Start of The input

(* Let $3\le n\le k$ be integers, let $X$ be the discrete-time Markov chain on $\mathbb{N}^{n-1}$ described in the context and $Y$ the chain embedded in $X$ at its visits to $S$. For $b\in\mathbb{R}$ let $V(\mathbf{x})=\sum_{i=1}^{n-1}x_i^2+b\sum_{1\le i<l\le n-1}x_ix_l$ and, for $\mathbf{x}\in S$, $\Delta_V(\mathbf{x})=\mathbb{E}[V(\mathbf{Y}_{t+1})-V(\mathbf{x})\mid \mathbf{Y}_t=\mathbf{x}]$. Then for $\mathbf{x}\in S\setminus S^\star$, $$k\,\Delta_V(\mathbf{x})=-(k-n)(2+b(n-2))\sum_{i=1}^{n-1}x_i+(n-1)\Big(k-n+2+b\frac{(k-n+1)(n-2)}{2}\Big),$$ and for $j=1,\dots,n-2$ and $\mathbf{x}_j'=(1,\dots,1,x_{j+1},\dots,x_{n-1})$ (first $j$ entries equal to $1$, $x_i\ge2$ for $i=j+1,\dots,n-1$), $$k\,\Delta_V(\mathbf{x}_j')=\Big[(k-n+1)(2+b(k-1))\sum_{i=2}^{j+1}\frac{1}{k-n+i}-(k-n)(2+b(n-2))\Big]\sum_{i=j+1}^{n-1}x_i+\delta_j,$$ where each $\delta_j$ is a real number independent of $x_{j+1},\dots,x_{n-1}$ and $\max_{1\le j\le n-2}|\delta_j|<\infty$.
   Context: $\mathbb{N}=\{0,1,2,\dots\}$. $\mathbf{0}$, $\mathbf{1}$ are the all-zero and all-one vectors of dimension $n-1$, $\mathbf{e}_l$ the $l$-th unit vector. For $j=0,\dots,n-1$, $R_j$ is the set of $\mathbf{x}\in\mathbb{N}^{n-1}$ with exactly $j$ zero entries. $X=\{\mathbf{X}_t\}_{t\ge1}$ is the Markov chain on $\mathbb{N}^{n-1}$ with nonzero transition probabilities: from $\mathbf{x}\in R_0$, to $\mathbf{x}-\mathbf{1}$ w.p. $\frac{k-(n-1)}{k}$ and to $\mathbf{x}+\mathbf{e}_l$ w.p. $\frac1k$ ($l=1,\dots,n-1$); from $\mathbf{x}\in R_j$, $1\le j\le n-2$, to $\mathbf{x}+\mathbf{e}_l$ w.p. $\frac{k-(n-1-j)}{kj}$ if $x_l=0$ and w.p. $\frac1k$ if $x_l\ge1$; from $\mathbf{0}$ to $\mathbf{e}_l$ w.p. $\frac1{n-1}$. $S=\{\mathbf{x}:x_i\ge1\ \forall i\}$ and $S^\star=\{\mathbf{x}\in S:\mathbf{x}-\mathbf{1}\notin S\}$ (elements of $S$ with some entry equal to $1$). The embedded chain is $\mathbf{Y}_t=\mathbf{X}_{\sigma_t}$, where $\sigma_t=\min\{m\ge1:\sum_{i=1}^m\mathds{1}_{\{\mathbf{X}_i\in S\}}=t\}$; it is a Markov chain on $S$. *)

theory Defs
  imports "HOL-Analysis.Analysis"
begin

text \<open>States of the chain on \<open>\<nat>^(n-1)\<close> are represented as functions \<open>nat \<Rightarrow> nat\<close>
  whose coordinates are indexed by \<open>1..n-1\<close> and which vanish outside this range.\<close>

definition states :: "nat \<Rightarrow> (nat \<Rightarrow> nat) set" where
  "states n = {x. \<forall>i. i \<notin> {1..n-1} \<longrightarrow> x i = 0}"

definition num_zeros :: "nat \<Rightarrow> (nat \<Rightarrow> nat) \<Rightarrow> nat" where
  "num_zeros n x = card {i \<in> {1..n-1}. x i = 0}"

definition unit_vec :: "nat \<Rightarrow> nat \<Rightarrow> nat" where
  "unit_vec l = (\<lambda>i. if i = l then 1 else 0)"

definition vec_add :: "(nat \<Rightarrow> nat) \<Rightarrow> (nat \<Rightarrow> nat) \<Rightarrow> nat \<Rightarrow> nat" where
  "vec_add x y = (\<lambda>i. x i + y i)"

text \<open>\<open>x - 1\<close> (only applied to states with all coordinates \<open>\<ge> 1\<close>).\<close>
definition minus_ones :: "nat \<Rightarrow> (nat \<Rightarrow> nat) \<Rightarrow> nat \<Rightarrow> nat" where
  "minus_ones n x = (\<lambda>i. if i \<in> {1..n-1} then x i - 1 else x i)"

definition transX :: "nat \<Rightarrow> nat \<Rightarrow> (nat \<Rightarrow> nat) \<Rightarrow> (nat \<Rightarrow> nat) \<Rightarrow> real" where
  "transX n k x y =
    (if x \<notin> states n then 0
     else if num_zeros n x = 0 then
       (if y = minus_ones n x then (real k - (real n - 1)) / real k
        else if (\<exists>l\<in>{1..n-1}. y = vec_add x (unit_vec l)) then 1 / real k
        else 0)
     else if num_zeros n x \<le> n - 2 then
       (if (\<exists>l\<in>{1..n-1}. y = vec_add x (unit_vec l)) then
          (if x (THE l. l \<in> {1..n-1} \<and> y = vec_add x (unit_vec l)) = 0
           then (real k - (real n - 1 - real (num_zeros n x))) / (real k * real (num_zeros n x))
           else 1 / real k)
        else 0)
     else
       (if (\<exists>l\<in>{1..n-1}. y = unit_vec l) then 1 / (real n - 1) else 0))"

definition inS :: "nat \<Rightarrow> (nat \<Rightarrow> nat) \<Rightarrow> bool" where
  "inS n x \<longleftrightarrow> x \<in> states n \<and> (\<forall>i\<in>{1..n-1}. 1 \<le> x i)"

definition inSstar :: "nat \<Rightarrow> (nat \<Rightarrow> nat) \<Rightarrow> bool" where
  "inSstar n x \<longleftrightarrow> inS n x \<and> \<not> inS n (minus_ones n x)"

fun path_prob :: "nat \<Rightarrow> nat \<Rightarrow> (nat \<Rightarrow> nat) \<Rightarrow> (nat \<Rightarrow> nat) list \<Rightarrow> real" where
  "path_prob n k x [] = 1"
| "path_prob n k x (z # zs) = transX n k x z * path_prob n k z zs"

text \<open>Paths from the current state to the first subsequent visit of S (one step of Y).\<close>
definition first_return_paths :: "nat \<Rightarrow> (nat \<Rightarrow> nat) list set" where
  "first_return_paths n = {zs. zs \<noteq> [] \<and> inS n (last zs) \<and> (\<forall>z\<in>set (butlast zs). \<not> inS n z)}"

definition Vfun :: "real \<Rightarrow> nat \<Rightarrow> (nat \<Rightarrow> nat) \<Rightarrow> real" where
  "Vfun b n x = (\<Sum>i=1..n-1. real (x i) ^ 2)
      + b * (\<Sum>i=1..n-1. \<Sum>l=i+1..n-1. real (x i) * real (x l))"

definition DeltaV :: "nat \<Rightarrow> nat \<Rightarrow> real \<Rightarrow> (nat \<Rightarrow> nat) \<Rightarrow> real" where
  "DeltaV n k b x = (\<Sum>\<^sub>\<infinity> zs \<in> first_return_paths n.
      path_prob n k x zs * (Vfun b n (last zs) - Vfun b n x))"

end
lemma oscillation_le_if_monotone:
  assumes "mono_on {0..1} (\<lambda>s. g_PQ P Q (f s)) \<or> antimono_on {0..1} (\<lambda>s. g_PQ P Q (f s))"
  shows "oscillation f 0 1 P Q \<le> ereal (max 0 (- (g_PQ P Q (f 0) * g_PQ P Q (f 1))))"
proof -
  \<comment> \<open>the oscillation only sees products of values, which do not change under negation\<close>
  obtain w where w: "mono_on {0..1} w" and prod: "\<And>s u. g_PQ P Q (f s) * g_PQ P Q (f u) = w s * w u"
  proof (cases "mono_on {0..1} (\<lambda>s. g_PQ P Q (f s))")
    case False
    then have "mono_on {0..1} (\<lambda>s. - g_PQ P Q (f s))"
      using assms by (auto intro!: mono_onI dest: monotone_onD)
    then show thesis
      using that by simp
  qed (use that in simp)
  show ?thesis
    unfolding oscillation_def
    using chain_sum_bound_of_mono_on[OF w] by (auto intro!: SUP_least simp: prod simp del: ereal_max)
qed

lemma oscillation_ge_chain:
  assumes "0 \<le> t 0" "\<forall>i<k. t i \<le> t (Suc i)" "t k \<le> 1"
  shows "ereal (- (\<Sum>i\<in>{1..k}. g_PQ P Q (f (t (i - 1))) * g_PQ P Q (f (t i)))) \<le> oscillation f 0 1 P Q"
  unfolding oscillation_def by (rule SUP_upper2[of "(k, t)"]) (use assms in auto)

lemma oscillation_ge_two_points:
  assumes "0 \<le> s" "s \<le> u" "u \<le> 1"
  shows "ereal (- (g_PQ P Q (f s) * g_PQ P Q (f u))) \<le> oscillation f 0 1 P Q"
  using oscillation_ge_chain[of "\<lambda>i. if i = 0 then s else u" 1 P Q f] assms by simp

lemma oscillation_ge_endpoints:
  "ereal (max 0 (- (g_PQ P Q (f 0) * g_PQ P Q (f 1)))) \<le> oscillation f 0 1 P Q"
  using oscillation_ge_chain[of "\<lambda>_. 0" 0 P Q f] oscillation_ge_two_points[of 0 1 P Q f]
  by (simp add: zero_ereal_def)

lemma oscillation_ge_four_points:
  assumes "0 \<le> s\<^sub>1" "s\<^sub>1 \<le> s\<^sub>2" "s\<^sub>2 \<le> s\<^sub>3" "s\<^sub>3 \<le> s\<^sub>4" "s\<^sub>4 \<le> 1"
  shows "ereal (- (g_PQ P Q (f s\<^sub>1) * g_PQ P Q (f s\<^sub>2) + g_PQ P Q (f s\<^sub>2) * g_PQ P Q (f s\<^sub>3)
           + g_PQ P Q (f s\<^sub>3) * g_PQ P Q (f s\<^sub>4))) \<le> oscillation f 0 1 P Q"
proof -
  define t where "t = (\<lambda>i::nat. [s\<^sub>1, s\<^sub>2, s\<^sub>3, s\<^sub>4] ! i)"
  have "\<forall>i<3. t i \<le> t (Suc i)"
    using assms by (auto simp: t_def less_Suc_eq numeral_3_eq_3)
  then show ?thesis
    using oscillation_ge_chain[of t 3 P Q f] assms by (simp add: t_def numeral_3_eq_3 add.assoc)
qed

section \<open>Separating pairs of hyperplanes\<close>

lemma exists_hyperplanes_separating_point:
  fixes z :: "'a::euclidean_space"
  assumes "convex S" "closed S" "S \<noteq> {}" "z \<notin> S"
  obtains P Q where "distinct_parallel_hyperplanes P Q"
    "\<And>x. x \<in> S \<Longrightarrow> g_PQ P Q x = -1" "g_PQ P Q z = 1"
proof -
  obtain a b where ab: "a \<bullet> z < b" "\<And>x. x \<in> S \<Longrightarrow> b < a \<bullet> x"
    using separating_hyperplane_closed_point[OF assms(1,2,4)] by blast
  obtain x where "x \<in> S"
    using \<open>S \<noteq> {}\<close> by blast
  then have "a \<bullet> z < a \<bullet> x"
    using ab by (meson less_trans)
  then have "- a \<noteq> 0"
    by auto
  let ?P = "{x. - a \<bullet> x = - b}" and ?Q = "{x. - a \<bullet> x = - a \<bullet> z}"
  show thesis
  proof
    show "distinct_parallel_hyperplanes ?P ?Q"
      unfolding distinct_parallel_hyperplanes_def using \<open>- a \<noteq> 0\<close> ab(1)
      by (intro exI[of _ "- a"] exI[of _ "- b"] exI[of _ "- a \<bullet> z"]) simp
    show "g_PQ ?P ?Q x = -1" if "x \<in> S" for x
      by (rule g_PQ_hyperplanes_below[OF \<open>- a \<noteq> 0\<close>]) (use ab(1) ab(2)[OF that] in simp_all)
    show "g_PQ ?P ?Q z = 1"
      by (rule g_PQ_hyperplanes_above[OF \<open>- a \<noteq> 0\<close>]) (use ab in simp_all)
  qed
qed

lemma exists_hyperplanes_separating_on_line:
  fixes A D :: "'a::euclidean_space"
  assumes "D \<noteq> 0" "y < x"
  obtains P Q where "distinct_parallel_hyperplanes P Q"
    "\<And>m. m \<le> y \<Longrightarrow> g_PQ P Q (A + m *\<^sub>R D) = -1"
    "\<And>m. x \<le> m \<Longrightarrow> g_PQ P Q (A + m *\<^sub>R D) = 1"
proof -
  have DD: "0 < D \<bullet> D"
    using assms(1) by simp
  have coord: "D \<bullet> (A + m *\<^sub>R D) = D \<bullet> A + m * (D \<bullet> D)" for m
    by (simp add: inner_add_right)
  let ?P = "{z. D \<bullet> z = D \<bullet> A + y * (D \<bullet> D)}" and ?Q = "{z. D \<bullet> z = D \<bullet> A + x * (D \<bullet> D)}"
  have lt: "D \<bullet> A + y * (D \<bullet> D) < D \<bullet> A + x * (D \<bullet> D)"
    using DD assms(2) by simp
  show thesis
  proof
    show "distinct_parallel_hyperplanes ?P ?Q"
      unfolding distinct_parallel_hyperplanes_def using assms(1) lt
      by (intro exI[of _ D] exI[of _ "D \<bullet> A + y * (D \<bullet> D)"] exI[of _ "D \<bullet> A + x * (D \<bullet> D)"]) simp
    show "g_PQ ?P ?Q (A + m *\<^sub>R D) = -1" if "m \<le> y" for m
      by (rule g_PQ_hyperplanes_below[OF assms(1) lt]) (use DD that in \<open>simp add: coord mult_right_mono\<close>)
    show "g_PQ ?P ?Q (A + m *\<^sub>R D) = 1" if "x \<le> m" for m
      by (rule g_PQ_hyperplanes_above[OF assms(1) lt]) (use DD that in \<open>simp add: coord mult_right_mono\<close>)
  qed
qed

End of The input

• [Try it]:
Of the lines above, output exactly those from the line bearing "y = (\<lambda>i." through the line bearing "text \<open>\<open>x - 1\<close>", inclusive.

• [Answer for this exercise]:
  "vec_add x y = (\<lambda>i. x i + y i)"

text \<open>\<open>x - 1\<close> (only applied to states with all coordinates \<open>\<ge> 1\<close>).\<close>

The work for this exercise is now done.